### [Directions for this task]
The answer must consist of every line in the records below that contains the string "negative".

※ ※ ※

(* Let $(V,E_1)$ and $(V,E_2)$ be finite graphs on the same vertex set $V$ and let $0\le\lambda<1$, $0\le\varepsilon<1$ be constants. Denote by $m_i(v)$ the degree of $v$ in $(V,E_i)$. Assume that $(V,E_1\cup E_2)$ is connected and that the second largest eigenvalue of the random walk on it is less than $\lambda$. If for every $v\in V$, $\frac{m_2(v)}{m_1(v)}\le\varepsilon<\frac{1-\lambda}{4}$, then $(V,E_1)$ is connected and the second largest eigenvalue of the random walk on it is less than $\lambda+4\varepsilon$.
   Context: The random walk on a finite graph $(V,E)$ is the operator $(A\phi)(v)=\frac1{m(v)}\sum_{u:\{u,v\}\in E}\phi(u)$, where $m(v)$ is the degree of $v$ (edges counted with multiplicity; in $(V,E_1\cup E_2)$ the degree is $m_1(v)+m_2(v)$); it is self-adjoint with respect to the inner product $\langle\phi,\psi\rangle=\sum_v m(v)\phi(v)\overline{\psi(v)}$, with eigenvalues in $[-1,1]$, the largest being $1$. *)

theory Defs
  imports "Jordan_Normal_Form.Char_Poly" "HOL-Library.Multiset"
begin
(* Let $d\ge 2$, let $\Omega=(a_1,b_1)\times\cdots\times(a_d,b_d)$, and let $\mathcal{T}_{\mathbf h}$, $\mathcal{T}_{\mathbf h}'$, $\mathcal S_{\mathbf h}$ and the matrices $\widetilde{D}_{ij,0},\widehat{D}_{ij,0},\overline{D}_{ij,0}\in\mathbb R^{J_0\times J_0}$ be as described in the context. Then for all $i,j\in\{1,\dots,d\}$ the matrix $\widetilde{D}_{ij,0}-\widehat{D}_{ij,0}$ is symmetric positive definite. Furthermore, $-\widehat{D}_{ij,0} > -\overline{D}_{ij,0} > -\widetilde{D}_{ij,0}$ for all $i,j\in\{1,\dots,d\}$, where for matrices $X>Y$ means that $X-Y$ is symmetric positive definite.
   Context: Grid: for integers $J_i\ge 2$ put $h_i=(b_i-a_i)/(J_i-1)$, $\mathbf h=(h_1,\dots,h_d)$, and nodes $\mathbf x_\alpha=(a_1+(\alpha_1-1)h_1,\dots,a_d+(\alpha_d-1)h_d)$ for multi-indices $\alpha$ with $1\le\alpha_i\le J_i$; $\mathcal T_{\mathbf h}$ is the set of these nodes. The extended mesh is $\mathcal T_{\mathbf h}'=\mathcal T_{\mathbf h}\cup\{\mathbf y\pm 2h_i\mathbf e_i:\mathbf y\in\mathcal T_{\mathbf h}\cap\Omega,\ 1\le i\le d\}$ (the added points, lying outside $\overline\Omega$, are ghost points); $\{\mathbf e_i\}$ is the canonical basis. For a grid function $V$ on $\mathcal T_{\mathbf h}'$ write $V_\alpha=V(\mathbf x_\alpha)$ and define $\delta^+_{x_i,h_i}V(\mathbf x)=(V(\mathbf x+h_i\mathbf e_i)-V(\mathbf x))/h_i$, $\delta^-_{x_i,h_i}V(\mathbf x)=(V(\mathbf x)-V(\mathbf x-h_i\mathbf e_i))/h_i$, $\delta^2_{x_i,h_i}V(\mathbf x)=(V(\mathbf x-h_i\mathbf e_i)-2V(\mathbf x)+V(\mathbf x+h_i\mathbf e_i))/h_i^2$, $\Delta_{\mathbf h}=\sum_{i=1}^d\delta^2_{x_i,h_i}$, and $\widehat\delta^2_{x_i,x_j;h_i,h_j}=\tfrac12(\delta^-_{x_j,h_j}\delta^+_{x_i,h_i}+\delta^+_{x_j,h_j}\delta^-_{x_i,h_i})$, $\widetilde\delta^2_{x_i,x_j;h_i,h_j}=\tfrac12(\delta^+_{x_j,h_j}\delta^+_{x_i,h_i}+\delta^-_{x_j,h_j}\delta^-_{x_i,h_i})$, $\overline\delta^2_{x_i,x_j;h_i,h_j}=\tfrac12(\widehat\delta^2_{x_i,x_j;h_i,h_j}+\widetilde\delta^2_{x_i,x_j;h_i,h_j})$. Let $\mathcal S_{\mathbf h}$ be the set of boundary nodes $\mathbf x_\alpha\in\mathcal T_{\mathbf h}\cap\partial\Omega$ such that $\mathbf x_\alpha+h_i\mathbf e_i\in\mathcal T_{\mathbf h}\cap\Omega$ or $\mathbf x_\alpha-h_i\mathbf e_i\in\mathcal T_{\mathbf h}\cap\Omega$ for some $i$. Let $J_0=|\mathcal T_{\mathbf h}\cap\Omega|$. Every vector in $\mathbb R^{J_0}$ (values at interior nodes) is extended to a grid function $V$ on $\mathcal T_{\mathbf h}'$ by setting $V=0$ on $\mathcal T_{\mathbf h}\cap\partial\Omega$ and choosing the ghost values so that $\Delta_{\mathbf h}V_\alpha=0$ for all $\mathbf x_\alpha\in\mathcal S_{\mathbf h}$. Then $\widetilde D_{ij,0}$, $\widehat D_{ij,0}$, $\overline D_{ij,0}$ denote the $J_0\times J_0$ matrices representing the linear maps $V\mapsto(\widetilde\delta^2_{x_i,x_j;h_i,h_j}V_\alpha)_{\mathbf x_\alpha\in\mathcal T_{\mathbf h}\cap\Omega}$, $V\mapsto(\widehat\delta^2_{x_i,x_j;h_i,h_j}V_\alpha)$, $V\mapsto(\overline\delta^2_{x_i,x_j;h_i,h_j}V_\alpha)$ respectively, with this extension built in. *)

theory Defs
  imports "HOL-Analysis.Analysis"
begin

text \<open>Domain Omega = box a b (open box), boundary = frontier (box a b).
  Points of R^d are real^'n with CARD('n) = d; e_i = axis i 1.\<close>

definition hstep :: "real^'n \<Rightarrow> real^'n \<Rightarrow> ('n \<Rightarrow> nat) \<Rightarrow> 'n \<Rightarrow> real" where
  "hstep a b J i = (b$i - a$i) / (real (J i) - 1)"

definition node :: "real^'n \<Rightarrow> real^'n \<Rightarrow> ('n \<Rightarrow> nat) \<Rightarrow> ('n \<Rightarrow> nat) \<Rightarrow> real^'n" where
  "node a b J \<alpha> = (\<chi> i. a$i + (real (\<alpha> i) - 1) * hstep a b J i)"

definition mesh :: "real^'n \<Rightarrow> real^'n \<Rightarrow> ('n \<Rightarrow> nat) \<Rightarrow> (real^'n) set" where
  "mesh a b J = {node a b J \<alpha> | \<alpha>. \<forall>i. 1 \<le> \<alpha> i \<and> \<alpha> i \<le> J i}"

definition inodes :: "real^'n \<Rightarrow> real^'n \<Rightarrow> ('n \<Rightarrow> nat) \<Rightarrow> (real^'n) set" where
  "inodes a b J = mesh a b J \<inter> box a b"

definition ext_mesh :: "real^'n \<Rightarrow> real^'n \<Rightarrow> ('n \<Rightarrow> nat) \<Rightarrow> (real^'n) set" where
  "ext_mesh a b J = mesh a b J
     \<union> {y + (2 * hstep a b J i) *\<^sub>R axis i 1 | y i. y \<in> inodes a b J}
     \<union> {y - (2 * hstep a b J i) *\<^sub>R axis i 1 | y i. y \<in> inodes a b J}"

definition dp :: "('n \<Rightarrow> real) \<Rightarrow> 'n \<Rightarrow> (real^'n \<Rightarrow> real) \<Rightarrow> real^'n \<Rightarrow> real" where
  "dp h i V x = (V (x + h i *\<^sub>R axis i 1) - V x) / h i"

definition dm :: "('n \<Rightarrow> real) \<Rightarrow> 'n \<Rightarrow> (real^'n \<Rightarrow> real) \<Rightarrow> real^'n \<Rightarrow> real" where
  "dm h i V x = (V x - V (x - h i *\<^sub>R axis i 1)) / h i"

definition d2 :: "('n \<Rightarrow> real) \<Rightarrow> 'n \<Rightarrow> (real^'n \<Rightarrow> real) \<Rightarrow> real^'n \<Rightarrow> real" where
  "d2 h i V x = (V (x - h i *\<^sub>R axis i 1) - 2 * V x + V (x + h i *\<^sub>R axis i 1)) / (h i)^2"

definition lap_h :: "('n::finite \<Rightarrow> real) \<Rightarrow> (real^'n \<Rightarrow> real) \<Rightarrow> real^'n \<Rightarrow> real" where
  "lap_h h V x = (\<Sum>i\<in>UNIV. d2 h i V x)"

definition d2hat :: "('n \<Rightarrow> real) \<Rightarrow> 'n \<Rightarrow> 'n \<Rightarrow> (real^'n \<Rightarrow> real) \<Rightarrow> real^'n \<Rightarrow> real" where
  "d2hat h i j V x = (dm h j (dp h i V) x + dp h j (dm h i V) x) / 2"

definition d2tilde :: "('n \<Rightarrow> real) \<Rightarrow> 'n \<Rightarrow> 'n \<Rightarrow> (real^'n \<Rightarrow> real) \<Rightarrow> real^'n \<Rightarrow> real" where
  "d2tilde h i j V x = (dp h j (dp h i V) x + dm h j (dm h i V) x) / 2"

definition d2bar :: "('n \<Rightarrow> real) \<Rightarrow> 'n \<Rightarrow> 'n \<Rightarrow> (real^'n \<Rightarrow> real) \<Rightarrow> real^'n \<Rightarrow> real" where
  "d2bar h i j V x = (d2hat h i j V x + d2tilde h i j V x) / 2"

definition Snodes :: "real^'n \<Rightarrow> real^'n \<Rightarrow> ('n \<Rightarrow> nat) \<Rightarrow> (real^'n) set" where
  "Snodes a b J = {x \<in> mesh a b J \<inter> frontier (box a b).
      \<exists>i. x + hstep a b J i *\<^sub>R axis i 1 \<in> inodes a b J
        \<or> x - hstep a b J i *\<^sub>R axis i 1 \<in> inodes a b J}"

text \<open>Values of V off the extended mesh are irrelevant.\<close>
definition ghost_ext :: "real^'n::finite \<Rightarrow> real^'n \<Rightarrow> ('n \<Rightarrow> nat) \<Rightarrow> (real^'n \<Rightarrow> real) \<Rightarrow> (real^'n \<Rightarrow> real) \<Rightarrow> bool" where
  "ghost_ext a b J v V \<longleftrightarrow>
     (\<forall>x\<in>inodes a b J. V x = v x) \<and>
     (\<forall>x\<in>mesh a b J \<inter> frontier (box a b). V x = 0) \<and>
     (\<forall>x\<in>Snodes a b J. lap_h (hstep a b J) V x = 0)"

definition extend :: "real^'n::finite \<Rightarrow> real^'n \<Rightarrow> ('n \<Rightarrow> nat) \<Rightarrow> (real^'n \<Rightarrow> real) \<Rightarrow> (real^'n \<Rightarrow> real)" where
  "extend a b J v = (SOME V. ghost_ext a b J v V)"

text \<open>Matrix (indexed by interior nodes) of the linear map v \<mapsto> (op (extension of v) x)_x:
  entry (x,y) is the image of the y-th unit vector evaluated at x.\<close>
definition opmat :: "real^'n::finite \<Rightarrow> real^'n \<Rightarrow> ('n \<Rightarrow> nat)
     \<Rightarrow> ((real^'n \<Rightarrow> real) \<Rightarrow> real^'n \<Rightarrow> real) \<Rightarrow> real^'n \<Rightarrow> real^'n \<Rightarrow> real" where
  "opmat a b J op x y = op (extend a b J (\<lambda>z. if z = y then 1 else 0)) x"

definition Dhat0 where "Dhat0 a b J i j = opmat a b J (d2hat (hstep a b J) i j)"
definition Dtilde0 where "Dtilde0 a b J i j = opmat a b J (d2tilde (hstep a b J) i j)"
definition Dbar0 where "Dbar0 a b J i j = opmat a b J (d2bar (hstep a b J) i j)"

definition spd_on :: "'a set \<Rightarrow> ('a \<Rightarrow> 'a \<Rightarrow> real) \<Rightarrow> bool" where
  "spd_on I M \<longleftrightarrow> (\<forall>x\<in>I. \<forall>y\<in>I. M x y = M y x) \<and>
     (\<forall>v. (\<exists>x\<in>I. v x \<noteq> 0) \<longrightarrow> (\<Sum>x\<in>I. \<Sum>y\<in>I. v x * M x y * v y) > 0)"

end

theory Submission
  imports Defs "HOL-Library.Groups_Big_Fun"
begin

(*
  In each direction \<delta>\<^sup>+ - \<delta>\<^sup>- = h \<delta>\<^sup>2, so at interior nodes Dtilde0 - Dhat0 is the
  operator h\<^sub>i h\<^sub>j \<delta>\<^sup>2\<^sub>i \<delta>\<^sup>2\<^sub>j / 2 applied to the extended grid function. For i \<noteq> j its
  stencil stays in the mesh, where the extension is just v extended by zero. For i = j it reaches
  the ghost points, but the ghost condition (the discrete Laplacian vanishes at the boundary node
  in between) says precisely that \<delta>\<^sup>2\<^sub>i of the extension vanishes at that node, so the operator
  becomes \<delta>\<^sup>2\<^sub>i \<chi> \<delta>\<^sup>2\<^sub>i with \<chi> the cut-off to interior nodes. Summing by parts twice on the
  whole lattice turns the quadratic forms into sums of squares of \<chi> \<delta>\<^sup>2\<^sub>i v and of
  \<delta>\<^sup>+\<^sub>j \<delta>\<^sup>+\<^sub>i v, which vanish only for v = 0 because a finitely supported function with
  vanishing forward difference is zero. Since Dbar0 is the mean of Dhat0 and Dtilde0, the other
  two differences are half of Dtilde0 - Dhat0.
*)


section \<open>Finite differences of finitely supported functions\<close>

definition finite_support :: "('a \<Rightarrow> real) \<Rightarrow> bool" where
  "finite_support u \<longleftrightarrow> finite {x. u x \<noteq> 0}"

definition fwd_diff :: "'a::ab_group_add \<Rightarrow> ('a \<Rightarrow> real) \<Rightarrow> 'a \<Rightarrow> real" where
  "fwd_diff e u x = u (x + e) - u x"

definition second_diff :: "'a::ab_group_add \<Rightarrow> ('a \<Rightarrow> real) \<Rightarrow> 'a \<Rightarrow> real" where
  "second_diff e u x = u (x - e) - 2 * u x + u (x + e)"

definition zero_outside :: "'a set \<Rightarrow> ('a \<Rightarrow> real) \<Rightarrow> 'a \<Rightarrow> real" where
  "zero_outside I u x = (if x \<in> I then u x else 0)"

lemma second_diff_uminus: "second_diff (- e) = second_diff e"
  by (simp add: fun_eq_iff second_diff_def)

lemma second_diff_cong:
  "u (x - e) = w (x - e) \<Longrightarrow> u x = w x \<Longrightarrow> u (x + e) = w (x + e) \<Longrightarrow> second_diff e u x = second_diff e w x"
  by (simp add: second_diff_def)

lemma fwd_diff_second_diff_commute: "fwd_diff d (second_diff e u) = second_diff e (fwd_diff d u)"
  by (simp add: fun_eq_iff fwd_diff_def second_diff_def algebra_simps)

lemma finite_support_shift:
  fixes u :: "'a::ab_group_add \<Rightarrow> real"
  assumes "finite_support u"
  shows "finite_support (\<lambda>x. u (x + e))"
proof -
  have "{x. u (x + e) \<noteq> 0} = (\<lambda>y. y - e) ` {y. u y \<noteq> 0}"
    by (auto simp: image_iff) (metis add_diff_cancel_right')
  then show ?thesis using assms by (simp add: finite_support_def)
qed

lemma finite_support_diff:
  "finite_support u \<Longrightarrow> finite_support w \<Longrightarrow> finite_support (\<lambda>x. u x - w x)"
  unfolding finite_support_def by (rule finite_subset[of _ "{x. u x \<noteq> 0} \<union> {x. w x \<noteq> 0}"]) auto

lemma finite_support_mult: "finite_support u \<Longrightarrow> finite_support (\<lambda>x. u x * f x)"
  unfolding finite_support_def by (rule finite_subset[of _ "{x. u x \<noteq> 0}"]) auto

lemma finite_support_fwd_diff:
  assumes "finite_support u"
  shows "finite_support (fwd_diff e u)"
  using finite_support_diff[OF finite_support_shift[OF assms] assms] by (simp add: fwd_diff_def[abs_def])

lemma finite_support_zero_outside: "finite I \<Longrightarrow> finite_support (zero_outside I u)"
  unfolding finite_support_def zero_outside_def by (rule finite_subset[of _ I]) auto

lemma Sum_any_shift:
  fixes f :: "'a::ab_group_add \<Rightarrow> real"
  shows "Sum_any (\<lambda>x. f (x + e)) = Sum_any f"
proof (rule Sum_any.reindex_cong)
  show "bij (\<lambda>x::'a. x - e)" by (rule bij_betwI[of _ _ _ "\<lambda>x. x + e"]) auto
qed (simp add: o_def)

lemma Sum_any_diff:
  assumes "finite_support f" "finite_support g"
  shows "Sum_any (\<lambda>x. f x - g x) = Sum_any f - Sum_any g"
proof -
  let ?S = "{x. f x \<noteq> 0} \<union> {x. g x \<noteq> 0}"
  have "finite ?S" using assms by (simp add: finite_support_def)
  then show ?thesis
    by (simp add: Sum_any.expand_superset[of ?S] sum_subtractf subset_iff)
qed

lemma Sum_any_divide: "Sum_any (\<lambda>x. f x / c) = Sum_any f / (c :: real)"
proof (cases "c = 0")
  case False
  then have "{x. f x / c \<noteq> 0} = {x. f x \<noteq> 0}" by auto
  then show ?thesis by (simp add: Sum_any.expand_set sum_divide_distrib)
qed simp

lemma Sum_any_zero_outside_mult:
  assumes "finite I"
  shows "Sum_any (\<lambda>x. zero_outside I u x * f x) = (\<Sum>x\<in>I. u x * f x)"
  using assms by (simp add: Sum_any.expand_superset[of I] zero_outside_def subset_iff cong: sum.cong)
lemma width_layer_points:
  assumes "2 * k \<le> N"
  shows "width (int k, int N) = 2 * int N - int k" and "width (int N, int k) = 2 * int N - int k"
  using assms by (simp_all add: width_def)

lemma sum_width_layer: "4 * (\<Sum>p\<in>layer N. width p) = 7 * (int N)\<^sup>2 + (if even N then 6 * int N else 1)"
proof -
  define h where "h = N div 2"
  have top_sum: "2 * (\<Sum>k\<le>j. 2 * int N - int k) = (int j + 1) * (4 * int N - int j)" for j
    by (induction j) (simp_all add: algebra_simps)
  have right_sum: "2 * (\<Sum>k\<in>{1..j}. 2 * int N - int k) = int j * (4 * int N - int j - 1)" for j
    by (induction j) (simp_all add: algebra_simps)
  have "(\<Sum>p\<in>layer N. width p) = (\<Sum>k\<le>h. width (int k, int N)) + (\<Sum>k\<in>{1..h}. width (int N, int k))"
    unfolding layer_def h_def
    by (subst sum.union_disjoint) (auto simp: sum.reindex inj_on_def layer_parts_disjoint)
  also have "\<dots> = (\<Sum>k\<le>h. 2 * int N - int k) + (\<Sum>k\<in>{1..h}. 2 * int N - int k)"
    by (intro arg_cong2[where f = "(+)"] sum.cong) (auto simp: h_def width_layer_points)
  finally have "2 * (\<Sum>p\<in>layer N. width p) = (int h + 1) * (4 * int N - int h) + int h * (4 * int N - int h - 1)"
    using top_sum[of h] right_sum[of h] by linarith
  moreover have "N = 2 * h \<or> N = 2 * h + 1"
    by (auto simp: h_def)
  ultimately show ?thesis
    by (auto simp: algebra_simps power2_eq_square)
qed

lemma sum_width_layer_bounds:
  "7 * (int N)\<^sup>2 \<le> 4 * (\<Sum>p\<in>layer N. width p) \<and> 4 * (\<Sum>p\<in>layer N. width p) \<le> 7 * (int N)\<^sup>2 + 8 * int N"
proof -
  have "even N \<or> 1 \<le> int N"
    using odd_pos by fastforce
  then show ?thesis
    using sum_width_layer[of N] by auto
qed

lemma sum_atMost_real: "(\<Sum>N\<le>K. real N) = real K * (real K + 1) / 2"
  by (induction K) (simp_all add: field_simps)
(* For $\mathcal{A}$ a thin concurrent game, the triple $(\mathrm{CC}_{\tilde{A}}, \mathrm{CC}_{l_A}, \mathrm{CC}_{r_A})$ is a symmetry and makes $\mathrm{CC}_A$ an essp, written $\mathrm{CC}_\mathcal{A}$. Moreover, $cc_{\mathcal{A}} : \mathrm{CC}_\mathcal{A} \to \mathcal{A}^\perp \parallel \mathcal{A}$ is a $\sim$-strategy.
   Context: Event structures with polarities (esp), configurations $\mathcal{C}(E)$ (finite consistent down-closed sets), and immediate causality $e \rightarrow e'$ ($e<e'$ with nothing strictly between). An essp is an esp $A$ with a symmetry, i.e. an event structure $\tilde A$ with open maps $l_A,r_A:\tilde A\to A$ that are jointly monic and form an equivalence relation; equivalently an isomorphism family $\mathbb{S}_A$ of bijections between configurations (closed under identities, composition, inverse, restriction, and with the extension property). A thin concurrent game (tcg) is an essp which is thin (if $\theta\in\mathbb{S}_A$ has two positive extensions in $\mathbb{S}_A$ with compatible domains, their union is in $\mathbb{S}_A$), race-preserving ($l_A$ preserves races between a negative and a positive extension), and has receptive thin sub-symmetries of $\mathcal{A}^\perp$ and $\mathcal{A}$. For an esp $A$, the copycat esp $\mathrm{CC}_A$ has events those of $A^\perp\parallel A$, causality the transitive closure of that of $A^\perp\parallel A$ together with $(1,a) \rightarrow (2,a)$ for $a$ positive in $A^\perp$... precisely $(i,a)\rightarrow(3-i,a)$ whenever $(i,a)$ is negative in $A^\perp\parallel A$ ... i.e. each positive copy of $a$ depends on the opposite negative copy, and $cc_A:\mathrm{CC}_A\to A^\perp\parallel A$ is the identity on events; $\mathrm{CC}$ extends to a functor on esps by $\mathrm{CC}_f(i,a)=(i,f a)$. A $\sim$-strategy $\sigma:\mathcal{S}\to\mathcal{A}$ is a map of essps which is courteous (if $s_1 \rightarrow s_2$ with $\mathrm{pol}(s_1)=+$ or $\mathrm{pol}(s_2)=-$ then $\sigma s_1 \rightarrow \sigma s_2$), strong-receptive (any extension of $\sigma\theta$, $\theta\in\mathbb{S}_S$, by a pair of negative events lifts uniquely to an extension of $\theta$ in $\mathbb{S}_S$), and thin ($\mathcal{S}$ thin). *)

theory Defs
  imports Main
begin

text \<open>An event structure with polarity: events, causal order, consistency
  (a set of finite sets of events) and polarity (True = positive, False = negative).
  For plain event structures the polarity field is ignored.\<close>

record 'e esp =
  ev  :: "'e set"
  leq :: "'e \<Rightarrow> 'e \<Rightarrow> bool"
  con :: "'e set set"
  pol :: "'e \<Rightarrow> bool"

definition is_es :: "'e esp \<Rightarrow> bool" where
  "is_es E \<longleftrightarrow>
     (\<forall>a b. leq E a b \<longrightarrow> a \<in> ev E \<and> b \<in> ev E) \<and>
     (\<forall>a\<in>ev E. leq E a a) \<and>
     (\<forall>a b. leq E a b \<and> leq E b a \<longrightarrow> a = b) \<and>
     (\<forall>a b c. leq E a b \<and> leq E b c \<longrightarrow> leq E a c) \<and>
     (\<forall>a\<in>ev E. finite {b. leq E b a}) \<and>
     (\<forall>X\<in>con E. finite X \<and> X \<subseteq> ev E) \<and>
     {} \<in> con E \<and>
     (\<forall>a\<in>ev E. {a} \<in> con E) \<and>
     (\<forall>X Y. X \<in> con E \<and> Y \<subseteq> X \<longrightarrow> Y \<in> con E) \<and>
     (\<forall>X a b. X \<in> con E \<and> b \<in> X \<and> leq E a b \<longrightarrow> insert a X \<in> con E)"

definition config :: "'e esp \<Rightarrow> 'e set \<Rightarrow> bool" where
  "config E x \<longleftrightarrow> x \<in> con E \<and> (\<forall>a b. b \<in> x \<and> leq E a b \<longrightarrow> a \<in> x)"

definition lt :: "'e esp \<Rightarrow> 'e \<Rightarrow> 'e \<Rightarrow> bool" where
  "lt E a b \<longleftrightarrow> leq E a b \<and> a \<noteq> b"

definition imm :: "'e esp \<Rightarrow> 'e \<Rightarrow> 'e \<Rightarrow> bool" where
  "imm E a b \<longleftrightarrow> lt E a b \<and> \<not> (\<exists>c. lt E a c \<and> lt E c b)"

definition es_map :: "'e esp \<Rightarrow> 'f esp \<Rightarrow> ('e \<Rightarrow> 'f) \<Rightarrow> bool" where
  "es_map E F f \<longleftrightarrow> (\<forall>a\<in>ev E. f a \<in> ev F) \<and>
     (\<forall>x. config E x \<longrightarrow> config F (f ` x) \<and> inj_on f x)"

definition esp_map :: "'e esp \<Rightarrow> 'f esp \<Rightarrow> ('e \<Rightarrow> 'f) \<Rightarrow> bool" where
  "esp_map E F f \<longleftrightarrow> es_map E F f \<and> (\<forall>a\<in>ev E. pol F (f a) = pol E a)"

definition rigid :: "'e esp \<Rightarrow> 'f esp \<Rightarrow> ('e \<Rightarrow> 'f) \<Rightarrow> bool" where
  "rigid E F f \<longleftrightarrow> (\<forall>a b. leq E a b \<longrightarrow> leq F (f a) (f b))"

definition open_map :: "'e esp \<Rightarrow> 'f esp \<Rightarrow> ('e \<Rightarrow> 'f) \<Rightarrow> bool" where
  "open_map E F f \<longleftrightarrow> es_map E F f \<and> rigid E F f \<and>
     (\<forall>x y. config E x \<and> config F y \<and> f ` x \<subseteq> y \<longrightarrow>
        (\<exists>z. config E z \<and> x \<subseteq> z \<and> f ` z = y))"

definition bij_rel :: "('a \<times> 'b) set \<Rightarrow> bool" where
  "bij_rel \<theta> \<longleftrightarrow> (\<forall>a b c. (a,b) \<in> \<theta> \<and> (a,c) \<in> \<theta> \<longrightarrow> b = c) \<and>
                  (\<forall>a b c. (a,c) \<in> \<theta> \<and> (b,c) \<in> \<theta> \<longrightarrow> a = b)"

※ ※ ※

### [Response]
   Context: Event structures with polarities (esp), configurations $\mathcal{C}(E)$ (finite consistent down-closed sets), and immediate causality $e \rightarrow e'$ ($e<e'$ with nothing strictly between). An essp is an esp $A$ with a symmetry, i.e. an event structure $\tilde A$ with open maps $l_A,r_A:\tilde A\to A$ that are jointly monic and form an equivalence relation; equivalently an isomorphism family $\mathbb{S}_A$ of bijections between configurations (closed under identities, composition, inverse, restriction, and with the extension property). A thin concurrent game (tcg) is an essp which is thin (if $\theta\in\mathbb{S}_A$ has two positive extensions in $\mathbb{S}_A$ with compatible domains, their union is in $\mathbb{S}_A$), race-preserving ($l_A$ preserves races between a negative and a positive extension), and has receptive thin sub-symmetries of $\mathcal{A}^\perp$ and $\mathcal{A}$. For an esp $A$, the copycat esp $\mathrm{CC}_A$ has events those of $A^\perp\parallel A$, causality the transitive closure of that of $A^\perp\parallel A$ together with $(1,a) \rightarrow (2,a)$ for $a$ positive in $A^\perp$... precisely $(i,a)\rightarrow(3-i,a)$ whenever $(i,a)$ is negative in $A^\perp\parallel A$ ... i.e. each positive copy of $a$ depends on the opposite negative copy, and $cc_A:\mathrm{CC}_A\to A^\perp\parallel A$ is the identity on events; $\mathrm{CC}$ extends to a functor on esps by $\mathrm{CC}_f(i,a)=(i,f a)$. A $\sim$-strategy $\sigma:\mathcal{S}\to\mathcal{A}$ is a map of essps which is courteous (if $s_1 \rightarrow s_2$ with $\mathrm{pol}(s_1)=+$ or $\mathrm{pol}(s_2)=-$ then $\sigma s_1 \rightarrow \sigma s_2$), strong-receptive (any extension of $\sigma\theta$, $\theta\in\mathbb{S}_S$, by a pair of negative events lifts uniquely to an extension of $\theta$ in $\mathbb{S}_S$), and thin ($\mathcal{S}$ thin). *)
  (a set of finite sets of events) and polarity (True = positive, False = negative).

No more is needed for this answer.